A further optimization for node loggers could be not to call rcutils_logging_get_logger_effective_level(name) for node loggers, but always use the cached value. Since loglevel can only be changed upon initialization (i.e. before the node constructor) or through the upcoming service call, which should then update not only the hash table but also the cached value.
The annoying thing is that you can call that service with the name of another node. In that case only the hashtable would be updated and not the other node's local variable.
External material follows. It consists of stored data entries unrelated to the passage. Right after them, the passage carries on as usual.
(* Let $f,g\in L^2(\mathbb{R})$ and write $V=V(f,g)=U+iW$ with $U,W$ real-valued. Assume that $V(x_0,\omega_0)=0$ and $\det J_V(x_0,\omega_0)\neq 0$, where \[ J_V(x_0,\omega_0)=\begin{pmatrix} U_x(x_0,\omega_0) & U_\omega(x_0,\omega_0)\\ W_x(x_0,\omega_0) & W_\omega(x_0,\omega_0)\end{pmatrix}, \] and let $\psi(x,\omega)=\arg V(x,\omega)$ denote a (local differentiable) phase of $V$. (i) If $V\in C^2(\mathbb{R}^2,\mathbb{R}^2)$, then \[ \lim_{x\to x_0}\frac{\partial\psi}{\partial\omega}(x,\omega_0)=\begin{cases}-\infty, & x\to x_0\text{ from the left},\\ +\infty, & x\to x_0\text{ from the right},\end{cases} \] if $\det J_V(x_0,\omega_0)>0$, and \[ \lim_{x\to x_0}\frac{\partial\psi}{\partial\omega}(x,\omega_0)=\begin{cases}+\infty, & x\to x_0\text{ from the left},\\ -\infty, & x\to x_0\text{ from the right},\end{cases} \] if $\det J_V(x_0,\omega_0)<0$. (ii) If $V\in C^3(\mathbb{R}^2,\mathbb{R}^2)$, then $\lim_{\omega\to\omega_0}\frac{\partial\psi}{\partial\omega}(x_0,\omega)=c'$ for some real number $c'\in\mathbb{R}$.
   Context: The short-time Fourier transform is $V(f,g)(x,\omega)=\int_{\mathbb{R}} f(t)\overline{g(t-x)}e^{-2\pi i\omega t}\,dt$, regarded as a map $\mathbb{R}^2\to\mathbb{R}^2\cong\mathbb{C}$; $C^k$ refers to real differentiability in $(x,\omega)$ and subscripts denote partial derivatives. At points where $V\neq 0$, a differentiable phase $\psi$ with $V=|V|e^{i\psi}$ exists locally, is unique up to an additive constant in $2\pi\mathbb{Z}$, and its partial derivative is $\frac{\partial\psi}{\partial\omega}=\frac{U W_\omega-W U_\omega}{U^2+W^2}$ (independent of the choice of phase). *)

theory Defs
  imports "HOL-Analysis.Analysis"
begin

definition L2 :: "(real \<Rightarrow> complex) \<Rightarrow> bool" where
  "L2 f \<longleftrightarrow> f \<in> borel_measurable lborel \<and> integrable lborel (\<lambda>t. (norm (f t))\<^sup>2)"

definition STFT :: "(real \<Rightarrow> complex) \<Rightarrow> (real \<Rightarrow> complex) \<Rightarrow> real \<times> real \<Rightarrow> complex" where
  "STFT f g = (\<lambda>(x, \<omega>). integral\<^sup>L lborel
      (\<lambda>t. f t * cnj (g (t - x)) * exp (- (2 * complex_of_real pi * \<i> * complex_of_real \<omega> * complex_of_real t))))"

definition dx :: "(real \<times> real \<Rightarrow> complex) \<Rightarrow> real \<times> real \<Rightarrow> complex" where
  "dx F = (\<lambda>(x, \<omega>). vector_derivative (\<lambda>s. F (s, \<omega>)) (at x))"

definition dw :: "(real \<times> real \<Rightarrow> complex) \<Rightarrow> real \<times> real \<Rightarrow> complex" where
  "dw F = (\<lambda>(x, \<omega>). vector_derivative (\<lambda>s. F (x, s)) (at \<omega>))"

fun Ck :: "nat \<Rightarrow> (real \<times> real \<Rightarrow> complex) \<Rightarrow> bool" where
  "Ck 0 F \<longleftrightarrow> continuous_on UNIV F"
| "Ck (Suc k) F \<longleftrightarrow> continuous_on UNIV F
     \<and> (\<forall>x \<omega>. (\<lambda>s. F (s, \<omega>)) differentiable (at x) \<and> (\<lambda>s. F (x, s)) differentiable (at \<omega>))
     \<and> Ck k (dx F) \<and> Ck k (dw F)"

definition detJ :: "(real \<times> real \<Rightarrow> complex) \<Rightarrow> real \<times> real \<Rightarrow> real" where
  "detJ V p = Re (dx V p) * Im (dw V p) - Re (dw V p) * Im (dx V p)"

text \<open>d psi / d omega = (U W_w - W U_w) / (U^2 + W^2), independent of the choice of phase.\<close>
definition phase_dw :: "(real \<times> real \<Rightarrow> complex) \<Rightarrow> real \<times> real \<Rightarrow> real" where
  "phase_dw V p = (Re (V p) * Im (dw V p) - Im (V p) * Re (dw V p)) / ((Re (V p))\<^sup>2 + (Im (V p))\<^sup>2)"

end

theory Submission
  imports Defs
begin

text \<open>
  In complex notation the phase derivative is \<open>\<partial>\<psi>/\<partial>\<omega> = Im (V\<^sub>\<omega> / V)\<close>.
  Along \<open>\<omega> = \<omega>0\<close> we have \<open>V(x, \<omega>0) \<approx> (x - x0) V\<^sub>x\<close>, so \<open>(x - x0) \<partial>\<psi>/\<partial>\<omega>\<close> tends to
  \<open>Im (V\<^sub>\<omega> / V\<^sub>x) = det J\<^sub>V / |V\<^sub>x|\<^sup>2\<close>, and the sign of the Jacobian decides on which side the
  pole goes to \<open>+\<infinity>\<close>. Along \<open>x = x0\<close>, a second-order expansion shows that \<open>V\<^sub>\<omega> / V\<close> differs
  from the real number \<open>1 / (\<omega> - \<omega>0)\<close> by a term converging to \<open>V\<^sub>\<omega>\<^sub>\<omega> / (2 V\<^sub>\<omega>)\<close>; taking
  imaginary parts removes the pole.
\<close>

lemma tendsto_divide_diff_at_zero:
  fixes u :: "real \<Rightarrow> complex"
  assumes "(u has_vector_derivative a) (at x)" and "u x = 0"
  shows "((\<lambda>s. u s / of_real (s - x)) \<longlongrightarrow> a) (at x)"
  using has_field_derivative_Re[OF assms(1)] has_field_derivative_Im[OF assms(1)] assms(2)
  by (simp add: tendsto_complex_iff has_field_derivative_iff)

lemma tendsto_second_order_quotient:
  fixes f f' f'' :: "real \<Rightarrow> real"
  assumes f': "\<And>s. (f has_real_derivative f' s) (at s)"
    and f'': "\<And>s. (f' has_real_derivative f'' s) (at s)"
    and "isCont f'' w" and "f w = 0"
  shows "((\<lambda>s. ((s - w) * f' s - f s) / (s - w)\<^sup>2) \<longlongrightarrow> f'' w / 2) (at w)"
proof (rule lhopital)
  have "isCont (\<lambda>s. (s - w) * f' s - f s) w"
    using DERIV_isCont[OF f'] DERIV_isCont[OF f''] by (intro continuous_intros) auto
  then show "((\<lambda>s. (s - w) * f' s - f s) \<longlongrightarrow> 0) (at w)"
    using \<open>f w = 0\<close> by (simp add: isCont_def)
  show "((\<lambda>s. (s - w)\<^sup>2) \<longlongrightarrow> 0) (at w)"
    by (rule tendsto_eq_intros refl)+ auto
  show "\<forall>\<^sub>F s in at w. (s - w)\<^sup>2 \<noteq> 0" "\<forall>\<^sub>F s in at w. 2 * (s - w) \<noteq> 0"
    by (simp_all add: eventually_at_filter)
  show "\<forall>\<^sub>F s in at w. ((\<lambda>s. (s - w) * f' s - f s) has_real_derivative (s - w) * f'' s) (at s)"
    using f' f'' by (intro always_eventually allI) (auto intro!: derivative_eq_intros simp: algebra_simps)
  show "\<forall>\<^sub>F s in at w. ((\<lambda>s. (s - w)\<^sup>2) has_real_derivative 2 * (s - w)) (at s)"
    by (intro always_eventually allI) (auto intro!: derivative_eq_intros)
  have "((\<lambda>s. f'' s / 2) \<longlongrightarrow> f'' w / 2) (at w)"
    using \<open>isCont f'' w\<close> by (intro tendsto_intros) (simp_all add: isCont_def)
  then show "((\<lambda>s. (s - w) * f'' s / (2 * (s - w))) \<longlongrightarrow> f'' w / 2) (at w)"
    by (rule Lim_transform_eventually) (auto simp: eventually_at_filter field_simps intro!: always_eventually)
qed

lemma tendsto_second_order_quotient_complex:
  fixes u u' u'' :: "real \<Rightarrow> complex"
  assumes "\<And>s. (u has_vector_derivative u' s) (at s)"
    and "\<And>s. (u' has_vector_derivative u'' s) (at s)"
    and "isCont u'' w" and "u w = 0"
  shows "((\<lambda>s. (of_real (s - w) * u' s - u s) / of_real ((s - w)\<^sup>2)) \<longlongrightarrow> u'' w / 2) (at w)"
proof -
  have "isCont (\<lambda>s. Re (u'' s)) w" "isCont (\<lambda>s. Im (u'' s)) w"
    using \<open>isCont u'' w\<close> by (auto intro: continuous_intros)
  then show ?thesis
    using assms(4)
      tendsto_second_order_quotient[OF has_field_derivative_Re[OF assms(1)] has_field_derivative_Re[OF assms(2)]]
      tendsto_second_order_quotient[OF has_field_derivative_Im[OF assms(1)] has_field_derivative_Im[OF assms(2)]]
    by (simp add: tendsto_complex_iff)
qed

lemma tendsto_diff_mult_Im_divide_at_simple_zero:
  fixes u v :: "real \<Rightarrow> complex"
  assumes "(u has_vector_derivative a) (at x0)" and "u x0 = 0" and "a \<noteq> 0"
    and "isCont v x0"
  shows "((\<lambda>x. (x - x0) * Im (v x / u x)) \<longlongrightarrow> Im (v x0 / a)) (at x0)"
proof -
  have "((\<lambda>x. Im (v x / (u x / of_real (x - x0)))) \<longlongrightarrow> Im (v x0 / a)) (at x0)"
    using tendsto_divide_diff_at_zero[OF assms(1,2)] \<open>isCont v x0\<close> \<open>a \<noteq> 0\<close>
    by (intro tendsto_intros) (simp_all add: isCont_def)
  then show ?thesis
    by (rule Lim_transform_eventually)
      (auto simp: eventually_at_filter Im_divide field_simps intro!: always_eventually)
qed

lemma tendsto_Im_log_derivative_at_simple_zero:
  fixes u u' u'' :: "real \<Rightarrow> complex"
  assumes "\<And>s. (u has_vector_derivative u' s) (at s)"
    and "\<And>s. (u' has_vector_derivative u'' s) (at s)"
    and "isCont u'' w0" and "u w0 = 0" and "u' w0 \<noteq> 0"
  shows "((\<lambda>w. Im (u' w / u w)) \<longlongrightarrow> Im (u'' w0 / (2 * u' w0))) (at w0)"
proof -
  define Q where "Q w = u w / of_real (w - w0)" for w
  define R where "R w = (of_real (w - w0) * u' w - u w) / of_real ((w - w0)\<^sup>2)" for w
  have "((\<lambda>w. Im (R w / Q w)) \<longlongrightarrow> Im (u'' w0 / 2 / u' w0)) (at w0)"
    unfolding Q_def R_def
    by (intro tendsto_Im tendsto_divide tendsto_second_order_quotient_complex
        tendsto_divide_diff_at_zero assms)
  moreover have "Im (R w / Q w) = Im (u' w / u w)" if "w \<noteq> w0" for w
  proof (cases "u w = 0")
    case False
    have "((h * u' w - u w) / h\<^sup>2) / (u w / h) = u' w / u w - 1 / h" if "h \<noteq> 0" for h :: complex
      using that False by (simp add: field_simps power2_eq_square)
    \<comment> \<open>for \<open>h = w - w0\<close> the correction term \<open>1 / h\<close> is real\<close>
    from this [of "of_real (w - w0)"] \<open>w \<noteq> w0\<close> show ?thesis
      by (simp add: Q_def R_def Im_divide)
  qed (simp add: Q_def)
  ultimately have "((\<lambda>w. Im (u' w / u w)) \<longlongrightarrow> Im (u'' w0 / 2 / u' w0)) (at w0)"
    by (elim Lim_transform_eventually) (simp add: eventually_at_filter always_eventually)
  then show ?thesis by simp
qed

lemma filterlim_at_left_right_of_tendsto_diff_mult_pos:
  fixes P :: "real \<Rightarrow> real"
  assumes "((\<lambda>y. (y - x0) * P y) \<longlongrightarrow> L) (at x0)" and "L > 0"
  shows "filterlim P at_bot (at_left x0) \<and> filterlim P at_top (at_right x0)"
proof
  have left: "\<forall>\<^sub>F y in at_left x0. y < x0" and right: "\<forall>\<^sub>F y in at_right x0. x0 < y"
    by (simp_all add: eventually_at_left_field eventually_at_right_less) (meson lt_ex)
  have "filterlim (\<lambda>y. inverse (y - x0)) at_bot (at_left x0)"
    by (rule filterlim_inverse_at_bot) (auto intro!: tendsto_eq_intros eventually_mono[OF left])
  from filterlim_tendsto_pos_mult_at_bot[OF filterlim_at_split[THEN iffD1, OF assms(1), THEN conjunct1] \<open>L > 0\<close> this]
  show "filterlim P at_bot (at_left x0)"
    by (rule filterlim_mono_eventually) (auto intro: eventually_mono[OF left])
  have "filterlim (\<lambda>y. inverse (y - x0)) at_top (at_right x0)"
    by (rule filterlim_inverse_at_top) (auto intro!: tendsto_eq_intros eventually_mono[OF right])
  from filterlim_tendsto_pos_mult_at_top[OF filterlim_at_split[THEN iffD1, OF assms(1), THEN conjunct2] \<open>L > 0\<close> this]
  show "filterlim P at_top (at_right x0)"
    by (rule filterlim_mono_eventually) (auto intro: eventually_mono[OF right])
qed

lemma filterlim_at_left_right_of_tendsto_diff_mult_neg:
  fixes P :: "real \<Rightarrow> real"
  assumes "((\<lambda>y. (y - x0) * P y) \<longlongrightarrow> L) (at x0)" and "L < 0"
  shows "filterlim P at_top (at_left x0) \<and> filterlim P at_bot (at_right x0)"
proof -
  have "((\<lambda>y. (y - x0) * - P y) \<longlongrightarrow> - L) (at x0)"
    using tendsto_minus[OF assms(1)] by simp
  from filterlim_at_left_right_of_tendsto_diff_mult_pos[OF this] \<open>L < 0\<close> show ?thesis
    by (simp add: filterlim_uminus_at_bot filterlim_uminus_at_top[symmetric])
qed

lemma Ck_SucD:
  assumes "Ck (Suc k) F"
  shows "((\<lambda>s. F (s, w)) has_vector_derivative dx F (x, w)) (at x)"
    and "((\<lambda>s. F (x, s)) has_vector_derivative dw F (x, w)) (at w)"
    and "Ck k (dw F)"
  using assms vector_derivative_works by (auto simp: dx_def dw_def)

lemma Ck_continuous_on: "Ck k F \<Longrightarrow> continuous_on UNIV F"
  by (cases k) auto

lemma Ck_isCont_fst: "Ck k F \<Longrightarrow> isCont (\<lambda>s. F (s, w)) x"
  using Ck_continuous_on[of k F]
  by (intro isCont_o2[where f="\<lambda>s. (s, w)" and g=F]) (auto simp: continuous_on_eq_continuous_at)

lemma Ck_isCont_snd: "Ck k F \<Longrightarrow> isCont (\<lambda>s. F (x, s)) w"
  using Ck_continuous_on[of k F]
  by (intro isCont_o2[where f="\<lambda>s. (x, s)" and g=F]) (auto simp: continuous_on_eq_continuous_at)

lemma phase_dw_eq_Im_divide: "phase_dw V p = Im (dw V p / V p)"
  by (simp add: phase_dw_def Im_divide algebra_simps)

lemma detJ_eq_Im_divide: "detJ V p = Im (dw V p / dx V p) * (cmod (dx V p))\<^sup>2"
  by (simp add: detJ_def Im_divide')

lemma tendsto_diff_mult_phase_dw:
  assumes "Ck 2 F" and "F (x0, w0) = 0" and "dx F (x0, w0) \<noteq> 0"
  shows "((\<lambda>x. (x - x0) * phase_dw F (x, w0)) \<longlongrightarrow> Im (dw F (x0, w0) / dx F (x0, w0))) (at x0)"
proof -
  have F: "Ck (Suc (Suc 0)) F" using \<open>Ck 2 F\<close> by (simp add: numeral_2_eq_2)
  show ?thesis
    unfolding phase_dw_eq_Im_divide
    by (rule tendsto_diff_mult_Im_divide_at_simple_zero[OF Ck_SucD(1)[OF F]])
      (simp_all add: assms Ck_isCont_fst[OF Ck_SucD(3)[OF F]])
qed

lemma tendsto_phase_dw:
  assumes "Ck 3 F" and "F (x0, w0) = 0" and "dw F (x0, w0) \<noteq> 0"
  shows "((\<lambda>w. phase_dw F (x0, w)) \<longlongrightarrow> Im (dw (dw F) (x0, w0) / (2 * dw F (x0, w0)))) (at w0)"
proof -
  have F: "Ck (Suc (Suc (Suc 0))) F" using \<open>Ck 3 F\<close> by (simp add: numeral_3_eq_3)
  show ?thesis
    unfolding phase_dw_eq_Im_divide
    by (rule tendsto_Im_log_derivative_at_simple_zero[OF Ck_SucD(2)[OF F] Ck_SucD(2)[OF Ck_SucD(3)[OF F]]])
      (simp_all add: assms Ck_isCont_snd[OF Ck_SucD(3)[OF Ck_SucD(3)[OF F]]])
qed

theorem mainTheorem7:
  fixes f g :: "real \<Rightarrow> complex" and x0 \<omega>0 :: real
  assumes "L2 f" and "L2 g"
    and "STFT f g (x0, \<omega>0) = 0"
    and "detJ (STFT f g) (x0, \<omega>0) \<noteq> 0"
  shows "(Ck 2 (STFT f g) \<longrightarrow>
           (detJ (STFT f g) (x0, \<omega>0) > 0 \<longrightarrow>
              filterlim (\<lambda>x. phase_dw (STFT f g) (x, \<omega>0)) at_bot (at_left x0) \<and>
              filterlim (\<lambda>x. phase_dw (STFT f g) (x, \<omega>0)) at_top (at_right x0)) \<and>
           (detJ (STFT f g) (x0, \<omega>0) < 0 \<longrightarrow>
              filterlim (\<lambda>x. phase_dw (STFT f g) (x, \<omega>0)) at_top (at_left x0) \<and>
              filterlim (\<lambda>x. phase_dw (STFT f g) (x, \<omega>0)) at_bot (at_right x0)))
       \<and> (Ck 3 (STFT f g) \<longrightarrow>
           (\<exists>c::real. ((\<lambda>\<omega>. phase_dw (STFT f g) (x0, \<omega>)) \<longlongrightarrow> c) (at \<omega>0)))"
proof -
  let ?V = "STFT f g" and ?p = "(x0, \<omega>0)"
  have dx: "dx ?V ?p \<noteq> 0" and dw: "dw ?V ?p \<noteq> 0"
    using assms(4) by (auto simp: detJ_def)
  let ?L = "Im (dw ?V ?p / dx ?V ?p)"
  have sign: "0 < detJ ?V ?p \<longleftrightarrow> 0 < ?L" "detJ ?V ?p < 0 \<longleftrightarrow> ?L < 0"
    using detJ_eq_Im_divide[of ?V ?p] dx by (simp_all add: zero_less_mult_iff mult_less_0_iff)
  have "((\<lambda>x. (x - x0) * phase_dw ?V (x, \<omega>0)) \<longlongrightarrow> ?L) (at x0)" if "Ck 2 ?V"
    using tendsto_diff_mult_phase_dw[OF that assms(3) dx] .
  note pole = filterlim_at_left_right_of_tendsto_diff_mult_pos[OF this]
    filterlim_at_left_right_of_tendsto_diff_mult_neg[OF this]
  have "\<exists>c. ((\<lambda>\<omega>. phase_dw ?V (x0, \<omega>)) \<longlongrightarrow> c) (at \<omega>0)" if "Ck 3 ?V"
    using tendsto_phase_dw[OF that assms(3) dw] by blast
  with pole sign show ?thesis by blast
qed

end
So the service call would work when called with:

• Its own node name (as this would change the hash table and the local variable),
• Any named logger's name (as this would change the hash table, and named loggers always use above try_lock() procedure),
• But not with another node's name (as the hashtable would be updated but not their local variable).
  Possible solution could be to also store a (weak?) pointer to the node in the hash table for each node logger entry, so upon service call the local variable can be set.

Also in the case of multiple nodes with the same name it would only work for the node that executes the service call.

[jrutgeer]

According to this, std::mutex::try_lock() can fail spuriously, what in above case isn't really an issue (it'll just mean the cached value is used for that macro call, but on the next one it should succeed), but also that std::mutex::unlock() can block, which is an issue for realtime.

They propose the use of a spinlock intead of a mutex.